Afterwards we show the reference image, the resuling image with drawing bouning boxes if there were detected errors <br/>
and the result description given by the model.

In [None]:
def draw_bounding_boxes(base64_img, objects):
    img = Image.open(io.BytesIO(base64.b64decode(base64_img)))
    img_width, img_height = img.size

    # Get the resolution from the first object
    resolution = objects[0].get("image_resolution", "1000x1000")
    model_width, model_height = map(int, resolution.lower().split("x"))

    scale_x = img_width / model_width
    scale_y = img_height / model_height

    fig, ax = plt.subplots(figsize=(10, 10))
    ax.imshow(img)

    for obj in objects:
        box = obj["bounding_box"]
        x_min = box["x_min"] * scale_x
        y_min = box["y_min"] * scale_y
        x_max = box["x_max"] * scale_x
        y_max = box["y_max"] * scale_y
        label = f"{obj['name']} ({obj['qc']})"
        color = "green" if obj["qc"] == "OK" else "red"
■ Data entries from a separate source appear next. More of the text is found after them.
definition simple_graph :: "'a set \<Rightarrow> 'a set set \<Rightarrow> bool" where
  "simple_graph V E \<longleftrightarrow> finite V \<and> (\<forall>e\<in>E. \<exists>x y. x \<in> V \<and> y \<in> V \<and> x \<noteq> y \<and> e = {x, y})"

definition automorphism :: "'a set \<times> 'a set set \<Rightarrow> ('a \<Rightarrow> 'a) \<Rightarrow> bool" where
  "automorphism G f \<longleftrightarrow> bij_betw f (fst G) (fst G) \<and>
     (\<forall>x\<in>fst G. \<forall>y\<in>fst G. {x, y} \<in> snd G \<longleftrightarrow> {f x, f y} \<in> snd G)"

definition determining_set :: "'a set \<times> 'a set set \<Rightarrow> 'a set \<Rightarrow> bool" where
  "determining_set G S \<longleftrightarrow> S \<subseteq> fst G \<and>
     (\<forall>f. automorphism G f \<and> (\<forall>x\<in>S. f x = x) \<longrightarrow> (\<forall>x\<in>fst G. f x = x))"

definition min_determining_set :: "'a set \<times> 'a set set \<Rightarrow> 'a set \<Rightarrow> bool" where
  "min_determining_set G S \<longleftrightarrow> determining_set G S \<and>
     (\<forall>S'. determining_set G S' \<longrightarrow> card S \<le> card S')"

definition det :: "'a set \<times> 'a set set \<Rightarrow> nat" where
  "det G = (LEAST n. \<exists>S. determining_set G S \<and> card S = n)"

definition open_nbhd :: "'a set \<times> 'a set set \<Rightarrow> 'a \<Rightarrow> 'a set" where
  "open_nbhd G x = {y \<in> fst G. {x, y} \<in> snd G}"
(* Let $r\ge2$, $\ell\ge1$, let $C=(w_1,\dots,w_{2\ell+1})$ be a semi-valid tuple in $\Omega_n$, and let $i$ and $1\le k\le\ell$ be such that $C$ is $(i,k)$-consecutive. If each of $C_{i,k,-1}$, $C_{i,k,0}$, $C_{i,k,1}$ is semi-valid, then $$|H_n^{(r)}(C)|\ge\min\{|H_n^{(r)}(C_{i,k,-1})|,|H_n^{(r)}(C_{i,k,1})|\}.$$ Moreover, this inequality is strict if $r\ge3$ and $n\ge3r-5$.
   Context: $\Omega_n=\{v_0,\dots,v_{n-1}\}$ with cyclic order $v_0<\dots<v_{n-1}<v_0$, indices of $v$ mod $n$. For distinct vertices $u,w$, $(u,w)$ is the set of vertices strictly between $u$ and $w$ moving clockwise from $u$ to $w$, and $[u,w]=(u,w)\cup\{u,w\}$. A tuple $C=(w_1,\dots,w_{2\ell+1})$ of distinct vertices is semi-valid if $w_1<w_3<\dots<w_{2\ell+1}<w_2<w_4<\dots<w_{2\ell}<w_1$ in clockwise cyclic order; indices of the $w$'s are taken mod $2\ell+1$. $H_n^{(r)}(C)=\{e\in\binom{\Omega_n}{r}: e\cap[w_p,w_{p-1}]\neq\emptyset\ \forall p\in\{1,\dots,2\ell+1\}\}$. $C$ is $(i,k)$-consecutive if there is $j$ with $w_{i+2s}=v_{j+s}$ for all $0\le s<k$. In that case, for an integer $m$, $C_{i,k,m}=(w'_1,\dots,w'_{2\ell+1})$ is the tuple with $w'_{i+2s}=v_{j+s+m}$ for $0\le s<k$ and $w'_p=w_p$ for all other $p$ (so $C_{i,k,0}=C$). *)

theory Defs
  imports Main
begin

text \<open>Vertices of \<Omega>_n are 0,...,n-1 (v_j = j), cyclic order 0 < 1 < ... < n-1 < 0.
  Indices of v are taken mod n: v_j for j :: int is the natural number j mod n.\<close>

definition vtx :: "nat \<Rightarrow> int \<Rightarrow> nat" where
  "vtx n j = nat (j mod int n)"

definition cwd :: "nat \<Rightarrow> nat \<Rightarrow> nat \<Rightarrow> nat" where
  "cwd n u w = nat ((int w - int u) mod int n)"

definition cint :: "nat \<Rightarrow> nat \<Rightarrow> nat \<Rightarrow> nat set" where
  "cint n u w = {x. x < n \<and> cwd n u x \<le> cwd n u w}"

definition cyc_ordered :: "nat \<Rightarrow> nat list \<Rightarrow> bool" where
  "cyc_ordered n xs \<longleftrightarrow> distinct xs \<and> set xs \<subseteq> {..<n} \<and>
     (\<forall>t s. t < s \<and> s < length xs \<longrightarrow> cwd n (xs ! 0) (xs ! t) < cwd n (xs ! 0) (xs ! s))"

text \<open>Tuples C = (w_1,...,w_{2l+1}) are functions C :: nat => nat, of which only the values
  at 1,...,2l+1 matter. Indices are taken mod 2l+1: w_p = C (idx l p) for p :: int.\<close>
definition idx :: "nat \<Rightarrow> int \<Rightarrow> nat" where
  "idx l p = nat ((p - 1) mod int (2*l+1)) + 1"

definition wt :: "nat \<Rightarrow> (nat \<Rightarrow> nat) \<Rightarrow> int \<Rightarrow> nat" where
  "wt l C p = C (idx l p)"

definition semi_valid :: "nat \<Rightarrow> nat \<Rightarrow> (nat \<Rightarrow> nat) \<Rightarrow> bool" where
  "semi_valid n l C \<longleftrightarrow>
     cyc_ordered n (map (\<lambda>t. C (2*t+1)) [0..<l+1] @ map (\<lambda>t. C (2*t+2)) [0..<l])"

definition H :: "nat \<Rightarrow> nat \<Rightarrow> nat \<Rightarrow> (nat \<Rightarrow> nat) \<Rightarrow> nat set set" where
  "H n r l C = {e. e \<subseteq> {..<n} \<and> card e = r \<and>
     (\<forall>p\<in>{1..int (2*l+1)}. e \<inter> cint n (wt l C p) (wt l C (p - 1)) \<noteq> {})}"

definition consec_with :: "nat \<Rightarrow> nat \<Rightarrow> (nat \<Rightarrow> nat) \<Rightarrow> int \<Rightarrow> nat \<Rightarrow> int \<Rightarrow> bool" where
  "consec_with n l C i k j \<longleftrightarrow> (\<forall>s<k. wt l C (i + 2 * int s) = vtx n (j + int s))"

definition consecutive :: "nat \<Rightarrow> nat \<Rightarrow> (nat \<Rightarrow> nat) \<Rightarrow> int \<Rightarrow> nat \<Rightarrow> bool" where
  "consecutive n l C i k \<longleftrightarrow> (\<exists>j. consec_with n l C i k j)"

text \<open>C_{i,k,m}, given the witness j: w'_{i+2s} = v_{j+s+m} for 0 <= s < k, other entries unchanged\<close>
definition shiftC :: "nat \<Rightarrow> nat \<Rightarrow> (nat \<Rightarrow> nat) \<Rightarrow> int \<Rightarrow> nat \<Rightarrow> int \<Rightarrow> int \<Rightarrow> (nat \<Rightarrow> nat)" where
  "shiftC n l C i k j m = (\<lambda>q. if \<exists>s<k. idx l (i + 2 * int s) = q
       then vtx n (j + int (SOME s. s < k \<and> idx l (i + 2 * int s) = q) + m)
       else C q)"

end

theory Submission
  imports Defs
begin

text \<open>
  Relabel the vertices by their clockwise distance from \<open>v\<^bsub>j-1\<^esub>\<close>. The consecutive
  vertices \<open>w\<^bsub>i+2s\<^esub> = v\<^bsub>j+s\<^esub>\<close> then sit at \<open>1, \<dots>, k\<close>, and shifting them by \<open>m \<in> {-1, 0, 1}\<close>
  only changes the \<open>2k\<close> intervals having one of them as an endpoint: \<open>k\<close> left intervals
  \<open>[s+1+m, \<alpha>\<^sub>s]\<close> and \<open>k\<close> right intervals \<open>[\<beta>\<^sub>s, n) \<union> [0, s+1+m]\<close>. Every other interval
  either contains \<open>{0, \<dots>, k+1}\<close> or avoids it.

  Count the admissible \<open>r\<close>-sets meeting all intervals by inclusion-exclusion over
  ``misses a left interval'' and ``misses a right interval''. The sets missing both are
  equinumerous for all three shifts (shift their part inside \<open>{0, \<dots>, k+1}\<close> by one).
  The sets missing a left interval grow with non-decreasing increments: moving the
  largest element inside \<open>{0, \<dots>, k+1}\<close> up by one injects the sets lost at the first step
  into those lost at the second; symmetrically on the right. So the count \<open>h(m)\<close> is
  concave, \<open>h(-1) + h(1) \<le> 2 h(0)\<close>, which gives the inequality. For \<open>r \<ge> 3\<close> and
  \<open>n \<ge> 3r - 5\<close> there is room for an explicit \<open>r\<close>-set outside the image of one of the two
  injections, which makes it strict.
\<close>

section \<open>Concavity in the linear model\<close>

lemma card_inj_on_less:
  assumes "inj_on f A" "f ` A \<subseteq> B - {w}" "w \<in> B" "finite B"
  shows "card A < card B"
proof -
  have "card A \<le> card (B - {w})"
    using card_inj_on_le[OF assms(1,2)] assms(4) by simp
  also have "\<dots> < card B"
    using card_Diff1_less[OF assms(4,3)] .
  finally show ?thesis .
qed

lemma exists_card_between:
  assumes "B \<subseteq> T" "finite T" "card B \<le> m" "m \<le> card T"
  obtains e where "B \<subseteq> e" "e \<subseteq> T" "card e = m"
proof -
  have finB: "finite B" using assms(1,2) by (rule finite_subset)
  have "m - card B \<le> card (T - B)"
    using assms by (simp add: card_Diff_subset finB)
  then obtain P where P: "P \<subseteq> T - B" "card P = m - card B"
    by (rule obtain_subset_with_card_n)
  have finP: "finite P" using P(1) assms(2) by (meson finite_Diff finite_subset)
  have "B \<inter> P = {}" using P(1) by blast
  then have "card (B \<union> P) = m" using card_Un_disjoint[OF finB finP] P(2) assms(3) by simp
  moreover have "B \<union> P \<subseteq> T" using P(1) assms(1) by blast
  ultimately show ?thesis using that[of "B \<union> P"] by blast
qed

text \<open>The parameter \<open>m = 0, 1, 2\<close> of the interval families below is the shift plus one;
  \<open>fixed\<close> holds the intervals that do not move.\<close>

locale block_shift =
  fixes n k r :: nat and fixed :: "nat set set" and \<alpha> \<beta> :: "nat \<Rightarrow> nat"
  assumes block_nonempty: "1 \<le> k"
    and alpha_range: "s < k \<Longrightarrow> k+1 < \<alpha> s \<and> \<alpha> s < n"
    and beta_range: "s < k \<Longrightarrow> k+1 < \<beta> s \<and> \<beta> s < n"
    and fixed_block: "f \<in> fixed \<Longrightarrow> {..k+1} \<subseteq> f \<or> {..k+1} \<inter> f = {}"
begin

definition adm :: "nat set set" where
  "adm = {e. e \<subseteq> {..<n} \<and> card e = r \<and> (\<forall>f\<in>fixed. e \<inter> f \<noteq> {})}"

definition hits_left :: "nat \<Rightarrow> nat set set" where
  "hits_left m = {e. \<forall>s<k. e \<inter> {s+m..\<alpha> s} \<noteq> {}}"

definition hits_right :: "nat \<Rightarrow> nat set set" where
  "hits_right m = {e. \<forall>s<k. e \<inter> ({\<beta> s..<n} \<union> {..s+m}) \<noteq> {}}"

definition transversals :: "nat \<Rightarrow> nat set set" where
  "transversals m = adm \<inter> hits_left m \<inter> hits_right m"

definition misses_both :: "nat \<Rightarrow> nat set set" where
  "misses_both m = adm - hits_left m - hits_right m"

lemma block_lt_n: "k+1 < n"
  using alpha_range[of 0] block_nonempty by auto

lemma finite_adm: "finite adm"
  by (rule finite_subset[of _ "Pow {..<n}"]) (auto simp: adm_def)

lemma finite_adm_mem: "e \<in> adm \<Longrightarrow> finite e"
  unfolding adm_def using finite_subset[of e "{..<n}"] by auto

lemma card_transversals:
  "card (transversals m) + card (adm - hits_left m) + card (adm - hits_right m)
     = card adm + card (misses_both m)"
proof -
  let ?X = "adm - hits_left m" and ?Y = "adm - hits_right m"
  have fin: "finite ?X" "finite ?Y" "finite (transversals m)"
    using finite_adm by (auto simp: transversals_def)
  have "card adm = card (transversals m \<union> (?X \<union> ?Y))"
    by (rule arg_cong[where f = card]) (auto simp: transversals_def)
  also have "\<dots> = card (transversals m) + card (?X \<union> ?Y)"
    using fin by (intro card_Un_disjoint) (auto simp: transversals_def)
  finally have "card adm = card (transversals m) + card (?X \<union> ?Y)" .
  moreover have "card (?X \<union> ?Y) + card (?X \<inter> ?Y) = card ?X + card ?Y"
    using card_Un_Int[OF fin(1,2)] by simp
  moreover have "card (?X \<inter> ?Y) = card (misses_both m)"
    by (rule arg_cong[where f = card]) (auto simp: misses_both_def)
  ultimately show ?thesis by linarith
qed

lemma adm_if_agrees_above_block:
  assumes "e \<in> adm" "e' \<subseteq> {..<n}" "card e' = r"
    and above: "\<And>x. x \<in> e \<Longrightarrow> k+1 < x \<Longrightarrow> x \<in> e'"
    and block: "e \<inter> {..k+1} \<noteq> {} \<Longrightarrow> e' \<inter> {..k+1} \<noteq> {}"
  shows "e' \<in> adm"
  unfolding adm_def
proof (intro CollectI conjI ballI)
  fix f assume f: "f \<in> fixed"
  from assms(1) f obtain x where x: "x \<in> e" "x \<in> f" by (auto simp: adm_def)
  show "e' \<inter> f \<noteq> {}"
  proof (cases "x \<le> k+1")
    case True
    then have "{..k+1} \<subseteq> f" using x fixed_block[OF f] by auto
    then show ?thesis using block x True by blast
  next
    case False
    then show ?thesis using x above[of x] by auto
  qed
qed (use assms in auto)

definition block_succ :: "nat \<Rightarrow> nat" where
  "block_succ x = (if x \<le> k+1 then Suc x else x)"

definition block_pred :: "nat \<Rightarrow> nat" where
  "block_pred x = (if x \<le> k+1 then x - 1 else x)"
lemma attractor_subset_kernel_sections:
  assumes "a \<in> A"
  obtains \<sigma> where "\<sigma> \<in> Sig" "a \<in> kernel_section U \<sigma> 0"
proof -
  have H: "0 < h 1" using admissible_seqD(4)[OF admissible] .
  obtain \<sigma>0 where "skew_omega_limit \<sigma>0 a" using attractor_skew_omega_limit[OF assms] .
  then obtain \<sigma>s \<xi>s where chain: "\<sigma>s 0 = \<sigma>0" "\<xi>s 0 = a" "\<And>m. skew_omega_limit (\<sigma>s m) (\<xi>s m)"
    "\<And>m. T (h 1) (\<sigma>s (Suc m)) = \<sigma>s m" "\<And>m. U (\<sigma>s (Suc m)) (h 1) 0 (\<xi>s (Suc m)) = \<xi>s m"
    using skew_omega_limit_backward_chain by blast
  have \<sigma>s: "\<sigma>s m \<in> Sig" and \<xi>s: "\<xi>s m \<in> A" for m
    using skew_omega_limit_mem chain(3) by blast+
  have \<sigma>0: "\<sigma>0 \<in> Sig" using \<sigma>s chain(1) by metis
  define p where "p m = - (real m * h 1)" for m
  have p_dec: "decseq p" unfolding p_def decseq_def using H by (simp add: mult_right_mono)
  have p_unbounded: "\<exists>m. p m \<le> t" for t
    using ex_less_of_nat_mult[OF H, of "- t"] unfolding p_def by (metis less_imp_le minus_le_iff)
  have orbit: "U \<sigma>0 (p m) (p (Suc m)) (\<xi>s (Suc m)) = \<xi>s m" for m
    using backward_chain_process[where \<sigma>s=\<sigma>s, OF less_imp_le[OF H] \<sigma>s chain(4)] chain(1,5) by (simp add: p_def)
  obtain x where x_traj: "\<And>s \<tau>. \<tau> \<le> s \<Longrightarrow> x s = U \<sigma>0 s \<tau> (x \<tau>)"
    and x_orbit: "\<And>t m. p m \<le> t \<Longrightarrow> x t = U \<sigma>0 t (p m) (\<xi>s m)"
    using process_backward_orbit_trajectory[OF processes \<sigma>0 p_dec p_unbounded orbit] by blast
  have "x 0 = a" using x_orbit[of 0 0] U_id[OF \<sigma>0] chain(2) by (simp add: p_def)
  obtain L where L: "\<And>\<sigma> t \<tau> y. \<tau> \<le> t \<Longrightarrow> L \<le> t - \<tau> \<Longrightarrow> \<sigma> \<in> Sig \<Longrightarrow> y \<in> A \<Longrightarrow>
      U \<sigma> t \<tau> y \<in> attractor_nbhd"
    using attractor_nbhd_absorbing[OF compact_imp_bounded[OF compact_A]] by blast
  have "x t \<in> attractor_nbhd" for t
  proof -
    obtain m where m: "p m \<le> t - max L 0" using p_unbounded by blast
    moreover have "L \<le> max L 0" "0 \<le> max L 0" by simp_all
    ultimately have "p m \<le> t" "L \<le> t - p m" by linarith+
    then show ?thesis using x_orbit L \<sigma>0 \<xi>s by simp
  qed
  then have "range x \<subseteq> attractor_nbhd" by blast
  then have "bounded (range x)" by (rule bounded_subset[OF bounded_attractor_nbhd])
  with x_traj have "complete_bounded_trajectory U \<sigma>0 x"
    unfolding complete_bounded_trajectory_def by blast
  then show thesis using that[OF \<sigma>0] \<open>x 0 = a\<close> unfolding kernel_section_def by blast
qed
(* Let $\mathbb F_q$ be a finite field with $q$ elements, let $n\ge 2$, let $a_1,\dots,a_n,b\in\mathbb F_q^*$ and let $k,k_1,\dots,k_n,m_1,\dots,m_n$ be positive integers. Let $N_q$ be the number of solutions $(x_1,\dots,x_n)\in\mathbb F_q^n$ of $$(a_1x_1^{m_1}+\dots+a_nx_n^{m_n})^k=bx_1^{k_1}\cdots x_n^{k_n},$$ and let $N_q(0)$ and $N_q^*(0)$ be the numbers of solutions of $a_1x_1^{m_1}+\dots+a_nx_n^{m_n}=0$ in $\mathbb F_q^n$ and in $(\mathbb F_q^* )^n$ respectively. If $b$ is a $k_0$th power in $\mathbb F_q$, then $$N_q=k_0(q-1)^{n-1}+N_q(0)-\frac{k_0+q-1}{q-1}\,N_q^*(0)+\sum_{\substack{\psi^d=\varepsilon\\ \psi^{k_0}\ne\varepsilon}}\psi(b)T(\psi),$$ where the sum is over all multiplicative characters $\psi$ of $\mathbb F_q$ whose order divides $d$ but does not divide $k_0$.
   Context: $k_0=\gcd(k,k_1,\dots,k_n,q-1)$; $M=\mathrm{lcm}[m_1,\dots,m_n]$; $d_j=\gcd(m_j,q-1)$ for $j=1,\dots,n$; $$d=\gcd\Bigl(\sum_{j=1}^n\frac{k_jM}{m_j}-kM,\ \frac{k_1(q-1)}{d_1},\dots,\frac{k_n(q-1)}{d_n},\ q-1\Bigr).$$ $\varepsilon$ denotes the trivial multiplicative character of $\mathbb F_q$. A multiplicative character $\psi$ is extended to $\mathbb F_q$ by $\psi(0)=1$ if $\psi$ is trivial and $\psi(0)=0$ otherwise. For a multiplicative character $\psi$, $$T(\psi)=\frac1{q-1}\sum_{\substack{x_1,\dots,x_n\in\mathbb F_q^*\\ a_1x_1^{m_1}+\dots+a_nx_n^{m_n}\ne0}}\psi^{k_1}(x_1)\cdots\psi^{k_n}(x_n)\,\bar\psi^{k}(a_1x_1^{m_1}+\dots+a_nx_n^{m_n}).$$ *)

theory Defs
  imports Complex_Main "HOL-Library.FuncSet"
begin

definition mult_chars :: "('a::field \<Rightarrow> complex) set" where
  "mult_chars = {\<psi>. (\<forall>x y. x \<noteq> 0 \<longrightarrow> y \<noteq> 0 \<longrightarrow> \<psi> (x * y) = \<psi> x * \<psi> y)
                   \<and> (\<forall>x. x \<noteq> 0 \<longrightarrow> \<psi> x \<noteq> 0)
                   \<and> \<psi> 0 = (if (\<forall>x. x \<noteq> 0 \<longrightarrow> \<psi> x = 1) then 1 else 0)}"

definition char_pow_trivial :: "('a::field \<Rightarrow> complex) \<Rightarrow> nat \<Rightarrow> bool" where
  "char_pow_trivial \<psi> e \<longleftrightarrow> (\<forall>x. x \<noteq> 0 \<longrightarrow> \<psi> x ^ e = 1)"
(* Let $L$ be a finite-dimensional Lie algebra over a field of characteristic zero. Then $E(L)$ is a characteristic ideal of $L$ (an ideal invariant under every derivation of $L$), and consequently $E(L)\subseteq N(L)$.
   Context: For $x\in L$, $\operatorname{ad}x:L\to L$ is $\operatorname{ad}x(y)=[y,x]$, and $E_L(x)=\{y\in L\mid (\operatorname{ad}x)^n(y)=0 \text{ for some } n\in\mathbb{N}\}$. An element $y$ is an Engel element of $L$ if $y\in E_L(x)$ for all $x\in L$; $E(L)$ denotes the set of all Engel elements of $L$. $N(L)$ denotes the nilradical of $L$, i.e. its largest nilpotent ideal. *)

theory Defs
  imports Complex_Main
begin

text \<open>A Lie algebra over the field 'k: the carrier is the whole type 'L, with scalar
multiplication sc and bracket br.\<close>

definition lie_algebra :: "('k::field \<Rightarrow> 'L::ab_group_add \<Rightarrow> 'L) \<Rightarrow> ('L \<Rightarrow> 'L \<Rightarrow> 'L) \<Rightarrow> bool" where
  "lie_algebra sc br \<longleftrightarrow>
     vector_space sc \<and>
     (\<forall>x. Vector_Spaces.linear sc sc (br x)) \<and>
     (\<forall>y. Vector_Spaces.linear sc sc (\<lambda>x. br x y)) \<and>
     (\<forall>x. br x x = 0) \<and>
     (\<forall>x y z. br x (br y z) + br y (br z x) + br z (br x y) = 0)"

definition finite_dimensional :: "('k::field \<Rightarrow> 'L::ab_group_add \<Rightarrow> 'L) \<Rightarrow> bool" where
  "finite_dimensional sc \<longleftrightarrow> (\<exists>B. finite B \<and> module.span sc B = UNIV)"

definition ad :: "('L \<Rightarrow> 'L \<Rightarrow> 'L) \<Rightarrow> 'L \<Rightarrow> 'L \<Rightarrow> 'L" where
  "ad br x = (\<lambda>y. br y x)"

definition engel_set :: "('L \<Rightarrow> 'L \<Rightarrow> 'L) \<Rightarrow> 'L \<Rightarrow> 'L::zero set" where
  "engel_set br x = {y. \<exists>n. (ad br x ^^ n) y = 0}"

definition engel_elements :: "('L \<Rightarrow> 'L \<Rightarrow> 'L) \<Rightarrow> 'L::zero set" where
  "engel_elements br = {y. \<forall>x. y \<in> engel_set br x}"
(* Let $\mathcal D=(D,<,\rho)$ be a computable partially ordered set. There exists $U\in\mathrm{Max}_{\mathrm{PR}}[\{0,1\}^*\to\mathcal D]$ such that for every $F\in\mathrm{Max}_{\mathrm{PR}}[\{0,1\}^*\to\mathcal D]$ there is a constant $c$ with $K_U(d)\le K_F(d)+c$ for every $d$ in the range of $F$.
   Context: A computable partially ordered set is a triple $\mathcal D=(D,<,\rho)$ where $\rho:\mathbb N\to D$ is a bijection and $<$ is a strict partial order on $D$ with $\{(m,n):\rho(m)<\rho(n)\}$ computable; a partial function into $D$ is partial computable if its composition with $\rho^{-1}$ is. For a partial $f:\{0,1\}^*\times\mathbb N\to D$ monotone increasing in its second argument on its domain, $\max^{\mathcal D}f$ is the partial function defined exactly at those $p$ for which $\{f(p,t):t\in\mathbb N,\ f(p,t)\text{ defined}\}$ is finite and non-empty, with value its maximum element. $\mathrm{Max}_{\mathrm{PR}}[\{0,1\}^*\to\mathcal D]$ is the class of all $\max^{\mathcal D}f$ with $f$ partial computable and monotone increasing in its second argument. For a partial $\varphi:\{0,1\}^*\to D$, $K_\varphi:D\to\mathbb N$ is the partial function $K_\varphi(d)=\min\{|p|:\varphi(p)=d\}$, defined on the range of $\varphi$. *)

theory Defs
  imports Main
begin

datatype recf = Zero | Succ | Proj nat | Comp recf "recf list" | Prim recf recf | Mini recf

inductive eval :: "recf \<Rightarrow> nat list \<Rightarrow> nat \<Rightarrow> bool" where
  eval_Zero: "eval Zero xs 0"
| eval_Succ: "eval Succ (x # xs) (Suc x)"
| eval_Proj: "i < length xs \<Longrightarrow> eval (Proj i) xs (xs ! i)"
| eval_Comp: "list_all2 (\<lambda>g y. eval g xs y) gs ys \<Longrightarrow> eval f ys z \<Longrightarrow> eval (Comp f gs) xs z"
| eval_Prim0: "eval f xs y \<Longrightarrow> eval (Prim f g) (0 # xs) y"
| eval_PrimS: "eval (Prim f g) (n # xs) y \<Longrightarrow> eval g (n # y # xs) z \<Longrightarrow> eval (Prim f g) (Suc n # xs) z"
| eval_Mini: "eval f (y # xs) 0 \<Longrightarrow> (\<forall>z<y. \<exists>w>0. eval f (z # xs) w) \<Longrightarrow> eval (Mini f) xs y"

text \<open>Standard computable bijection between {0,1}* (bool lists) and nat.\<close>
fun bl_code :: "bool list \<Rightarrow> nat" where
  "bl_code [] = 0"
| "bl_code (b # bs) = 2 * bl_code bs + (if b then 2 else 1)"
lemma avg_block_sgrad_sq_avg:
  "(1 / real (N^2)) * (\<Sum>m<N^2. (1 / real N) * (\<Sum>j\<in>ds_block N t m. (norm (sgrad t j \<omega>))^2))
     = sgrad_sq_avg t \<omega>"
proof -
  have "(\<Sum>m<N^2. (1 / real N) * (\<Sum>j\<in>ds_block N t m. (norm (sgrad t j \<omega>))^2))
      = (1 / real N) * (\<Sum>m<N^2. \<Sum>j\<in>ds_block N t m. (norm (sgrad t j \<omega>))^2)"
    by (simp add: sum_distrib_left)
  also have "\<dots> = (\<Sum>j<N^2. (norm (sgrad t j \<omega>))^2)"
    using N_pos by (simp only: sum_sum_ds_block) simp
  finally show ?thesis by (simp add: sgrad_sq_avg_def)
qed

lemma norm_wavg_diff_w_Suc_sq_le:
  assumes m: "m < N^2"
  shows "(norm (wavg (Suc t) \<omega> - w (Suc t) m \<omega>))^2
           \<le> (eta t)^2 * (2 * ((1 / real N) * (\<Sum>j\<in>ds_block N t m. (norm (sgrad t j \<omega>))^2))
                          + 2 * sgrad_sq_avg t \<omega>)"
proof -
  define gb where "gb = (1 / real N) *\<^sub>R (\<Sum>j\<in>ds_block N t m. sgrad t j \<omega>)"
  have "wavg (Suc t) \<omega> - w (Suc t) m \<omega> = eta t *\<^sub>R (gb + - gavg t \<omega>)"
    unfolding wavg_Suc w_Suc[OF m] gb_def by (simp add: algebra_simps)
  then have "(norm (wavg (Suc t) \<omega> - w (Suc t) m \<omega>))^2 = (eta t)^2 * (norm (gb + - gavg t \<omega>))^2"
    by (simp add: power_mult_distrib)
  also have "\<dots> \<le> (eta t)^2 * (2 * (norm gb)^2 + 2 * (norm (gavg t \<omega>))^2)"
    using norm_add_sq_le[of gb "- gavg t \<omega>"] by (intro mult_left_mono) auto
  also have "\<dots> \<le> (eta t)^2 * (2 * ((1 / real N) * (\<Sum>j\<in>ds_block N t m. (norm (sgrad t j \<omega>))^2))
                                + 2 * sgrad_sq_avg t \<omega>)"
proof -
    have "ds_block N t m \<noteq> {}" using card_ds_block[OF m, of t] N_pos by auto
    then show ?thesis
      using card_ds_block[OF m, of t] norm_gavg_sq_le[of t \<omega>]
        norm_avg_diff_sq_le[OF finite_ds_block, of N t m "\<lambda>j. sgrad t j \<omega>" 0]
      by (intro mult_left_mono add_mono) (auto simp: gb_def)
  qed
  finally show ?thesis .
qed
        rect = plt.Rectangle((x_min, y_min), x_max - x_min, y_max - y_min,
                             linewidth=2, edgecolor=color, facecolor='none')
        ax.add_patch(rect)
        ax.text(x_min, y_min - 10, label, color=color, fontsize=12, weight='bold')

    plt.axis('off')
    plt.show()
    
if base64_reference_image:
    ref_img = Image.open(io.BytesIO(base64.b64decode(base64_reference_image)))
    w, h = ref_img.size
    resized = ref_img.resize((w // 2, h // 2))
    print("🧾 Reference Image:")
    display(resized)

print("🧾 Quality Control Report:")
if parsed.get("objects"):
    report_text = f"""QC: {parsed['objects'][0]['qc']}

Description:
{parsed['text']}

Defects:"""

    for obj in parsed["objects"]:
        box = obj["bounding_box"]
        report_text += f"""
- {obj['name']} ({obj['color']}): {obj['qc']} — reason: {obj['reason']}
  Bounding Box: x_min={box['x_min']}, y_min={box['y_min']}, x_max={box['x_max']}, y_max={box['y_max']}
"""
    draw_bounding_boxes(base64_image, parsed["objects"])
else:
    report_text = f"""QC: OK

Description:
{parsed['text']}

No defects were detected.
"""
    if base64_image:
        qc_img = Image.open(io.BytesIO(base64.b64decode(base64_image)))
        w, h = qc_img.size
        resized = qc_img.resize((w // 2, h // 2))
        print("🧾 QC Image:")
        display(resized)

print(report_text)

With this simple steps you see how the whole pipeline works.